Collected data
* * *

lemma sum_row_kronecker_pattern:
  assumes "i < l1 * m"
  shows "(\<Sum>j<l2 * n. cellval (kronecker_pattern F m n A) i j) = int a1 * (\<Sum>j<n. cellval A (i mod m) j)"
proof -
  have "(\<Sum>j<l2 * n. cellval (kronecker_pattern F m n A) i j)
      = (\<Sum>J<l2. if F (i div m) J then (\<Sum>j<n. cellval A (i mod m) j) else 0)"
    by (simp add: sum_lessThan_mult_blocks[OF n_pos] kronecker_pattern_def cellval_def if_distrib
        sum.If_cases)
  also have "\<dots> = int (card {J. J < l2 \<and> F (i div m) J}) * (\<Sum>j<n. cellval A (i mod m) j)"
    by (simp add: sum.If_cases Int_def lessThan_def)
  also have "card {J. J < l2 \<and> F (i div m) J} = a1"
    using assms m_pos by (intro card_pattern_row) (simp add: div_less_iff_less_mult)
  finally show ?thesis .
qed

lemma sum_col_kronecker_pattern:
  assumes "j < l2 * n"
  shows "(\<Sum>i<l1 * m. cellval (kronecker_pattern F m n A) i j) = int a2 * (\<Sum>i<m. cellval A i (j mod n))"
proof -
  have "(\<Sum>i<l1 * m. cellval (kronecker_pattern F m n A) i j)
      = (\<Sum>I<l1. if F I (j div n) then (\<Sum>i<m. cellval A i (j mod n)) else 0)"
    by (simp add: sum_lessThan_mult_blocks[OF m_pos] kronecker_pattern_def cellval_def if_distrib
        sum.If_cases)
  also have "\<dots> = int (card {I. I < l1 \<and> F I (j div n)}) * (\<Sum>i<m. cellval A i (j mod n))"
    by (simp add: sum.If_cases Int_def lessThan_def)
  also have "card {I. I < l1 \<and> F I (j div n)} = a2"
    using assms n_pos by (intro card_pattern_col) (simp add: div_less_iff_less_mult)
  finally show ?thesis .
qed

lemma heff_v_kronecker_pattern:
  assumes "0 < a1" "0 < l1"
  shows "heff_v (a1 * l1 * lam) t (l2 * n) (a2 * k) = heff_v lam t n k"
proof -
  have double_count: "a1 * l1 = a2 * l2"
    using card_regular_pattern[OF pattern] by simp
  moreover have "0 < a2 * l2"
    unfolding double_count[symmetric] using assms by simp
  ultimately show ?thesis
    using heff_v_inflate[of a2 l2 lam t n k] by simp
qed

lemma heffter_kronecker_pattern:
  assumes a1_pos: "0 < a1" and l1_pos: "0 < l1" and A: "heffter lam t m n s k A"
  shows "heffter (a1 * l1 * lam) t (l1 * m) (l2 * n) (a1 * s) (a2 * k) (kronecker_pattern F m n A)"
proof -
  let ?B = "kronecker_pattern F m n A"
  let ?v = "heff_v lam t n k"
  have double_count: "a1 * l1 = a2 * l2"
    using card_regular_pattern[OF pattern] by simp
  have v_eq: "heff_v (a1 * l1 * lam) t (l2 * n) (a2 * k) = ?v"
    using a1_pos l1_pos by (rule heff_v_kronecker_pattern)
  have size_eq: "2 * (l2 * n) * (a2 * k) = a1 * l1 * (2 * n * k)"
    by (simp add: double_count ac_simps)
  from A have
    lam_dvd: "lam dvd 2 * n * k" and t_dvd: "t dvd 2 * n * k div lam" and
    rows: "\<forall>i<m. card {j. j < n \<and> A i j \<noteq> None} = s" and
    cols: "\<forall>j<n. card {i. i < m \<and> A i j \<noteq> None} = k" and
    counts: "\<forall>r \<in> {0..<int ?v}.
          card {(i, j). i < m \<and> j < n \<and> (\<exists>x. A i j = Some x \<and> x mod int ?v = r)}
        + card {(i, j). i < m \<and> j < n \<and> (\<exists>x. A i j = Some x \<and> (- x) mod int ?v = r)}
        = (if int (?v div t) dvd r then 0 else lam)" and
    row_sums: "\<forall>i<m. (\<Sum>j<n. cellval A i j) mod int ?v = 0" and
    col_sums: "\<forall>j<n. (\<Sum>i<m. cellval A i j) mod int ?v = 0"
    unfolding heffter_def Let_def by auto
  show ?thesis
    unfolding heffter_def Let_def v_eq
  proof (intro conjI allI impI ballI)
    show "a1 * l1 * lam dvd 2 * (l2 * n) * (a2 * k)"
      unfolding size_eq using lam_dvd by (simp add: mult_dvd_mono)
    show "t dvd 2 * (l2 * n) * (a2 * k) div (a1 * l1 * lam)"
      unfolding size_eq using t_dvd a1_pos l1_pos by (simp add: mult.assoc)
  next
    fix i j assume "?B i j \<noteq> None"
    then show "i < l1 * m" "j < l2 * n" by (rule kronecker_pattern_filled_bounds)+
  next
    fix i assume i: "i < l1 * m"
    then show "card {j. j < l2 * n \<and> ?B i j \<noteq> None} = a1 * s"
      using card_row_kronecker_pattern[OF i] rows[rule_format, of "i mod m"] m_pos by simp
  next
    fix j assume j: "j < l2 * n"
    then show "card {i. i < l1 * m \<and> ?B i j \<noteq> None} = a2 * k"
      using card_col_kronecker_pattern[OF j] cols[rule_format, of "j mod n"] n_pos by simp
  next
    fix r assume "r \<in> {0..<int ?v}"
    then show "card {(i, j). i < l1 * m \<and> j < l2 * n \<and> (\<exists>x. ?B i j = Some x \<and> x mod int ?v = r)}
        + card {(i, j). i < l1 * m \<and> j < l2 * n \<and> (\<exists>x. ?B i j = Some x \<and> (- x) mod int ?v = r)}
        = (if int (?v div t) dvd r then 0 else a1 * l1 * lam)"
      using counts by (simp add: card_cells_kronecker_pattern add_mult_distrib2[symmetric])
  next
    fix i assume "i < l1 * m"
    then show "(\<Sum>j<l2 * n. cellval ?B i j) mod int ?v = 0"
      using row_sums m_pos by (simp add: sum_row_kronecker_pattern mod_mult_right_eq[symmetric])
  next
    fix j assume "j < l2 * n"
    then show "(\<Sum>i<l1 * m. cellval ?B i j) mod int ?v = 0"
      using col_sums n_pos by (simp add: sum_col_kronecker_pattern mod_mult_right_eq[symmetric])
  qed
qed

lemma integer_heffter_kronecker_pattern:
  assumes a1_pos: "0 < a1" and l1_pos: "0 < l1" and A: "integer_heffter lam t m n s k A"
  shows "integer_heffter (a1 * l1 * lam) t (l1 * m) (l2 * n) (a1 * s) (a2 * k) (kronecker_pattern F m n A)"
proof -
  let ?B = "kronecker_pattern F m n A"
  have v_eq: "heff_v (a1 * l1 * lam) t (l2 * n) (a2 * k) = heff_v lam t n k"
    using a1_pos l1_pos by (rule heff_v_kronecker_pattern)
  from A have H: "heffter lam t m n s k A"
    and entries: "\<forall>i j x. A i j = Some x \<longrightarrow> 1 \<le> \<bar>x\<bar> \<and> \<bar>x\<bar> \<le> int (heff_v lam t n k div 2)"
    and row_sums: "\<forall>i<m. (\<Sum>j<n. cellval A i j) = 0"
    and col_sums: "\<forall>j<n. (\<Sum>i<m. cellval A i j) = 0"
    unfolding integer_heffter_def by auto
  show ?thesis
    unfolding integer_heffter_def v_eq
  proof (intro conjI allI impI)
    show "heffter (a1 * l1 * lam) t (l1 * m) (l2 * n) (a1 * s) (a2 * k) ?B"
      using a1_pos l1_pos H by (rule heffter_kronecker_pattern)
  next
    fix i j x assume "?B i j = Some x"
    then have "A (i mod m) (j mod n) = Some x"
      by (simp add: kronecker_pattern_def split: if_splits)
    then show "1 \<le> \<bar>x\<bar>" "\<bar>x\<bar> \<le> int (heff_v lam t n k div 2)"
      using entries by blast+
  next
    fix i assume "i < l1 * m"
    then show "(\<Sum>j<l2 * n. cellval ?B i j) = 0"
      using row_sums m_pos by (simp add: sum_row_kronecker_pattern)
  next
    fix j assume "j < l2 * n"
    then show "(\<Sum>i<l1 * m. cellval ?B i j) = 0"
      using col_sums n_pos by (simp add: sum_col_kronecker_pattern)
  qed
qed

end

theorem proposition4:
  fixes m n s k t a1 a2 l1 l2 :: nat
  assumes "0 < m" "0 < n" "0 < s" "0 < k" "0 < t"
    and "0 < a1" "0 < a2" "0 < l1" "0 < l2"
    and "a1 \<le> l2" "a2 \<le> l1" "a1 * l1 = a2 * l2"
    and "a1 * s \<le> l2 * n" "a2 * k \<le> l1 * m"
  shows "((\<exists>A. heffter 1 t m n s k A) \<longrightarrow>
           (\<exists>B. heffter (a1 * l1) t (l1 * m) (l2 * n) (a1 * s) (a2 * k) B))
       \<and> ((\<exists>A. integer_heffter 1 t m n s k A) \<longrightarrow>
           (\<exists>B. integer_heffter (a1 * l1) t (l1 * m) (l2 * n) (a1 * s) (a2 * k) B))"
proof -
  have pattern: "regular_pattern l1 l2 a1 a2 (cyclic_pattern l1 l2 a1)"
    using \<open>0 < a1\<close> \<open>a1 \<le> l2\<close> \<open>a1 * l1 = a2 * l2\<close> by (rule regular_pattern_cyclic_pattern)
  note kronecker_conditions = pattern \<open>0 < m\<close> \<open>0 < n\<close> \<open>0 < a1\<close> \<open>0 < l1\<close>
  let ?B = "kronecker_pattern (cyclic_pattern l1 l2 a1) m n"
  show ?thesis
  proof (intro conjI impI)
    assume "\<exists>A. heffter 1 t m n s k A"
    then obtain A where "heffter 1 t m n s k A" ..
    then have "heffter (a1 * l1 * 1) t (l1 * m) (l2 * n) (a1 * s) (a2 * k) (?B A)"
      by (rule heffter_kronecker_pattern[OF kronecker_conditions])
    then show "\<exists>B. heffter (a1 * l1) t (l1 * m) (l2 * n) (a1 * s) (a2 * k) B"
      by auto
  next
    assume "\<exists>A. integer_heffter 1 t m n s k A"
    then obtain A where "integer_heffter 1 t m n s k A" ..
    then have "integer_heffter (a1 * l1 * 1) t (l1 * m) (l2 * n) (a1 * s) (a2 * k) (?B A)"
      by (rule integer_heffter_kronecker_pattern[OF kronecker_conditions])
    then show "\<exists>B. integer_heffter (a1 * l1) t (l1 * m) (l2 * n) (a1 * s) (a2 * k) B"
      by auto
  qed
qed

end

* * *

* **Problem statement**: The entries above hold a line with "by (rule kronecker_pattern_filled_bounds)+" and a later line with "m \<and> ?B". Write out exactly those lines and all lines between, nothing more.

* **Completed exercise**:
    then show "i < l1 * m" "j < l2 * n" by (rule kronecker_pattern_filled_bounds)+
  next
    fix i assume i: "i < l1 * m"
    then show "card {j. j < l2 * n \<and> ?B i j \<noteq> None} = a1 * s"
      using card_row_kronecker_pattern[OF i] rows[rule_format, of "i mod m"] m_pos by simp
  next
    fix j assume j: "j < l2 * n"
    then show "card {i. i < l1 * m \<and> ?B i j \<noteq> None} = a2 * k"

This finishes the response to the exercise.